While this study provides invaluable information regarding changes in nasolabial appearance following primary repair of CUCLP and secondary revision surgery, some limitations must be addressed. First, there is debate surrounding potential bias implicit to the Asher-McDade method for evaluating nasolabial aesthetics which may explain why there was significant improvement in nasal frontal and profile scores but no measurable improvement in vermillion border appearance. 18 If the improvements in vermilion border were subtler than the nasal revisions, it is possible that the subjectivity of the Asher-McDade method is not sensitive enough to detect such differences. However, to date, this method is still the primary source utilized to determine need for revision surgery.10,18,19 Moreover, the modifications implemented in this study were employed to reduce subjectivity and improve reliability. Second, the images evaluated were 2D not 3D. Although evaluation of 3-dimensional images has been suggested as a more objective method with improved intra-rater reliability, a recent study comparing rating of 2D versus 3D images showed very similar scores from both methods. 13 Despite these limitations, the results suggest that revision procedures result in positive changes for aspects of nasolabial appearance. This information opens the door to next steps of directly comparing different approaches for optimizing nasolabial appearance outcomes for patients with clefts. Along with this comparison of outcomes, it also becomes essential to understand the potential burden of care the different approaches may place on patients and their families.20-22
Conclusion
After primary repair of complete unilateral cleft lip/palate, appearance of the vermillion border and nasal frontal border does not change significantly between the ages of 5 to 11 years old when secondary revision surgery is not completed. The nasal profile does change during this period. Therefore, decisions regarding need for revision surgery may be made as early as 5 years-old for vermillion border and nasal frontal border correction surgeries but delay may be warranted for nasal profile revision. Meanwhile, patients who undergo secondary revision surgeries have improved ratings of frontal and profile nasal appearance with no measurable change in vermillion border scores after surgery.
Footnotes
Acknowledgements
The authors have no acknowledgements for this project.

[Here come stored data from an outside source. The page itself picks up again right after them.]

definition regular_lang :: "nat list set \<Rightarrow> bool" where
  "regular_lang R \<longleftrightarrow>
     (\<exists>(\<Sigma>::nat set) (Q::nat set) (\<delta>::nat \<Rightarrow> nat \<Rightarrow> nat) q0 F.
        finite \<Sigma> \<and> finite Q \<and> q0 \<in> Q \<and> F \<subseteq> Q \<and>
        (\<forall>q\<in>Q. \<forall>a\<in>\<Sigma>. \<delta> q a \<in> Q) \<and>
        R = {w. set w \<subseteq> \<Sigma> \<and> foldl \<delta> q0 w \<in> F})"

text \<open>A (nondeterministic) generalized sequential machine (Hopcroft--Ullman):
  states Q, input alphabet Sigma, output alphabet Delta, transition/output relation delta,
  initial state q0, final states F.\<close>
definition is_gsm :: "nat set \<Rightarrow> nat set \<Rightarrow> nat set \<Rightarrow>
    (nat \<Rightarrow> nat \<Rightarrow> (nat \<times> nat list) set) \<Rightarrow> nat \<Rightarrow> nat set \<Rightarrow> bool" where
  "is_gsm Q \<Sigma> \<Delta> \<delta> q0 F \<longleftrightarrow>
     finite Q \<and> finite \<Sigma> \<and> finite \<Delta> \<and> q0 \<in> Q \<and> F \<subseteq> Q \<and>
     (\<forall>q\<in>Q. \<forall>a\<in>\<Sigma>. finite (\<delta> q a) \<and> \<delta> q a \<subseteq> Q \<times> lists \<Delta>)"

inductive gsm_run :: "(nat \<Rightarrow> nat \<Rightarrow> (nat \<times> nat list) set) \<Rightarrow> nat \<Rightarrow> nat list \<Rightarrow> nat \<Rightarrow> nat list \<Rightarrow> bool"
  for \<delta> where
  run_nil: "gsm_run \<delta> q [] q []"
| run_cons: "(p, z) \<in> \<delta> q a \<Longrightarrow> gsm_run \<delta> p w q' y \<Longrightarrow> gsm_run \<delta> q (a # w) q' (z @ y)"

definition gsm_inverse :: "nat set \<Rightarrow> (nat \<Rightarrow> nat \<Rightarrow> (nat \<times> nat list) set) \<Rightarrow> nat \<Rightarrow> nat set \<Rightarrow>
    nat list set \<Rightarrow> nat list set" where
  "gsm_inverse \<Sigma> \<delta> q0 F L =
     {x. set x \<subseteq> \<Sigma> \<and> (\<exists>q' y. q' \<in> F \<and> gsm_run \<delta> q0 x q' y \<and> y \<in> L)}"

definition closed_finite_union :: "nat list set set \<Rightarrow> bool" where
  "closed_finite_union Cl \<longleftrightarrow> (\<forall>L1\<in>Cl. \<forall>L2\<in>Cl. L1 \<union> L2 \<in> Cl)"

definition closed_inter_regular :: "nat list set set \<Rightarrow> bool" where
  "closed_inter_regular Cl \<longleftrightarrow> (\<forall>L\<in>Cl. \<forall>R. regular_lang R \<longrightarrow> L \<inter> R \<in> Cl)"

definition closed_inverse_gsm :: "nat list set set \<Rightarrow> bool" where
  "closed_inverse_gsm Cl \<longleftrightarrow>
     (\<forall>L\<in>Cl. \<forall>Q \<Sigma> \<Delta> \<delta> q0 F. is_gsm Q \<Sigma> \<Delta> \<delta> q0 F \<longrightarrow> gsm_inverse \<Sigma> \<delta> q0 F L \<in> Cl)"

definition U_class :: "nat list set set \<Rightarrow> 's set \<Rightarrow> ('s \<Rightarrow> 's \<Rightarrow> 's) \<Rightarrow> bool" where
  "U_class Cl S m \<longleftrightarrow> semigroup_on S m \<and>
     (\<exists>(A::nat set) (e::nat \<Rightarrow> 's) (h::nat).
        finite A \<and> h \<notin> A \<and> inj_on e A \<and> e ` A \<subseteq> S \<and> sgp_gen S m (e ` A) = S \<and>
        word_problem m A e h \<in> Cl)"

text \<open>Y is the whole (meet-)semilattice type 'y; component S_alpha has carrier Cs alpha and
  multiplication M alpha; phi alpha beta is the structure map (used for beta <= alpha).\<close>
definition strong_semilattice ::
    "('y::semilattice_inf \<Rightarrow> 'a set) \<Rightarrow> ('y \<Rightarrow> 'a \<Rightarrow> 'a \<Rightarrow> 'a) \<Rightarrow> ('y \<Rightarrow> 'y \<Rightarrow> 'a \<Rightarrow> 'a) \<Rightarrow> bool" where
  "strong_semilattice Cs M phi \<longleftrightarrow>
     (\<forall>\<alpha>. Cs \<alpha> \<noteq> {} \<and> semigroup_on (Cs \<alpha>) (M \<alpha>)) \<and>
     (\<forall>\<alpha> \<beta>. \<beta> \<le> \<alpha> \<longrightarrow>
        (\<forall>x\<in>Cs \<alpha>. phi \<alpha> \<beta> x \<in> Cs \<beta>) \<and>
        (\<forall>x\<in>Cs \<alpha>. \<forall>y\<in>Cs \<alpha>. phi \<alpha> \<beta> (M \<alpha> x y) = M \<beta> (phi \<alpha> \<beta> x) (phi \<alpha> \<beta> y))) \<and>
     (\<forall>\<alpha>. \<forall>x\<in>Cs \<alpha>. phi \<alpha> \<alpha> x = x) \<and>
     (\<forall>\<alpha> \<beta> \<gamma>. \<beta> \<le> \<alpha> \<and> \<gamma> \<le> \<beta> \<longrightarrow> (\<forall>x\<in>Cs \<alpha>. phi \<beta> \<gamma> (phi \<alpha> \<beta> x) = phi \<alpha> \<gamma> x))"

definition ssl_carrier :: "('y \<Rightarrow> 'a set) \<Rightarrow> ('y \<times> 'a) set" where
  "ssl_carrier Cs = Sigma UNIV Cs"

definition ssl_mult ::
    "('y::semilattice_inf \<Rightarrow> 'a \<Rightarrow> 'a \<Rightarrow> 'a) \<Rightarrow> ('y \<Rightarrow> 'y \<Rightarrow> 'a \<Rightarrow> 'a) \<Rightarrow> 'y \<times> 'a \<Rightarrow> 'y \<times> 'a \<Rightarrow> 'y \<times> 'a" where
  "ssl_mult M phi p q =
     (let \<alpha> = fst p; \<beta> = fst q; \<gamma> = inf \<alpha> \<beta>
      in (\<gamma>, M \<gamma> (phi \<alpha> \<gamma> (snd p)) (phi \<beta> \<gamma> (snd q))))"

end

theory Submission
  imports Defs
begin

text \<open>Every element of S is a product of generators, and the level (the component) of a product
  is the meet of the levels of its factors. Projecting a finite generating set of S into a
  component \<open>S\<^sub>\<alpha>\<close> with the structure maps gives a generating set of \<open>S\<^sub>\<alpha>\<close>; rewriting each new
  generator as a word in the old ones is a gsm substitution, so the word problem of \<open>S\<^sub>\<alpha>\<close> is
  an inverse gsm image of that of S. Conversely, if S is finitely generated then Y is finite,
  since every level is the meet of a set of generator levels. Two words are equal in S iff they
  have the same level \<open>\<alpha>\<close> and their projections are equal in \<open>S\<^sub>\<alpha>\<close>; a word has level \<open>\<alpha>\<close> iff all
  its letters lie above \<open>\<alpha>\<close> and, for every \<open>\<beta> > \<alpha>\<close>, some letter does not lie above \<open>\<beta>\<close>.
  Hence WP(S) is the finite union over \<open>\<alpha>\<close> of the word problems of the \<open>S\<^sub>\<alpha>\<close> (with respect to
  the projected generators) intersected with finitely many regular languages.\<close>

lemma word_val_Cons: "w \<noteq> [] \<Longrightarrow> word_val m e (a # w) = m (e a) (word_val m e w)"
  by (cases w) auto

lemma word_val_cong: "\<forall>a\<in>set u. e a = e' a \<Longrightarrow> word_val m e u = word_val m e' u"
  by (induction m e u rule: word_val.induct) auto

lemma word_val_closed:
  assumes "\<forall>x\<in>T. \<forall>y\<in>T. m x y \<in> T" "u \<noteq> []" "e ` set u \<subseteq> T"
  shows "word_val m e u \<in> T"
  using assms(2,3)
  by (induction u rule: list_nonempty_induct) (use assms(1) in \<open>auto simp: word_val_Cons\<close>)

lemma word_val_hom:
  assumes hom: "\<forall>x\<in>T. \<forall>y\<in>T. m x y \<in> T \<and> \<psi> (m x y) = m' (\<psi> x) (\<psi> y)"
    and "u \<noteq> []" "e ` set u \<subseteq> T"
  shows "\<psi> (word_val m e u) = word_val m' (\<lambda>a. \<psi> (e a)) u"
  using assms(2,3)
proof (induction u rule: list_nonempty_induct)
  case (cons a w)
  have "word_val m e w \<in> T"
    using word_val_closed[of T m w e] hom cons.prems cons.hyps by auto
  then show ?case using cons hom by (auto simp: word_val_Cons)
qed simp

lemma word_val_append:
  assumes "semigroup_on S m" "u \<noteq> []" "v \<noteq> []" "e ` set (u @ v) \<subseteq> S"
  shows "word_val m e (u @ v) = m (word_val m e u) (word_val m e v)"
  using assms(2,4)
proof (induction u rule: list_nonempty_induct)
  case (cons a w)
  have closed: "\<forall>x\<in>S. \<forall>y\<in>S. m x y \<in> S" using assms(1) by (simp add: semigroup_on_def)
  have "e a \<in> S" "word_val m e w \<in> S" "word_val m e v \<in> S"
    using cons.prems word_val_closed[OF closed, of w e] word_val_closed[OF closed, of v e] cons.hyps assms(3)
    by auto
  then show ?case
    using cons assms(1,3) by (simp add: word_val_Cons semigroup_on_def)
qed (simp add: word_val_Cons assms(3))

Declaration of Conflicting Interests
The authors declared no potential conflicts of interest with respect to the research, authorship, and/or publication of this article.
Ethical Statement
This study was approved by the Ethics Committee of Lancaster General Hospital (approval no. 183) in 2008, with the need for written informed consent waived. Identifying information, such as names, images, and specific locations, were anonymized and cropping of patient images was approved by the institution's IRB to ensure participant safety and privacy.
Funding
The authors received no financial support for the research, authorship, and/or publication of this article.
Informed Consent/Patient Consent
This study was approved by the Ethics Committee of Lancaster General Hospital (approval no. 183) in 2008, with the need for written informed consent waived.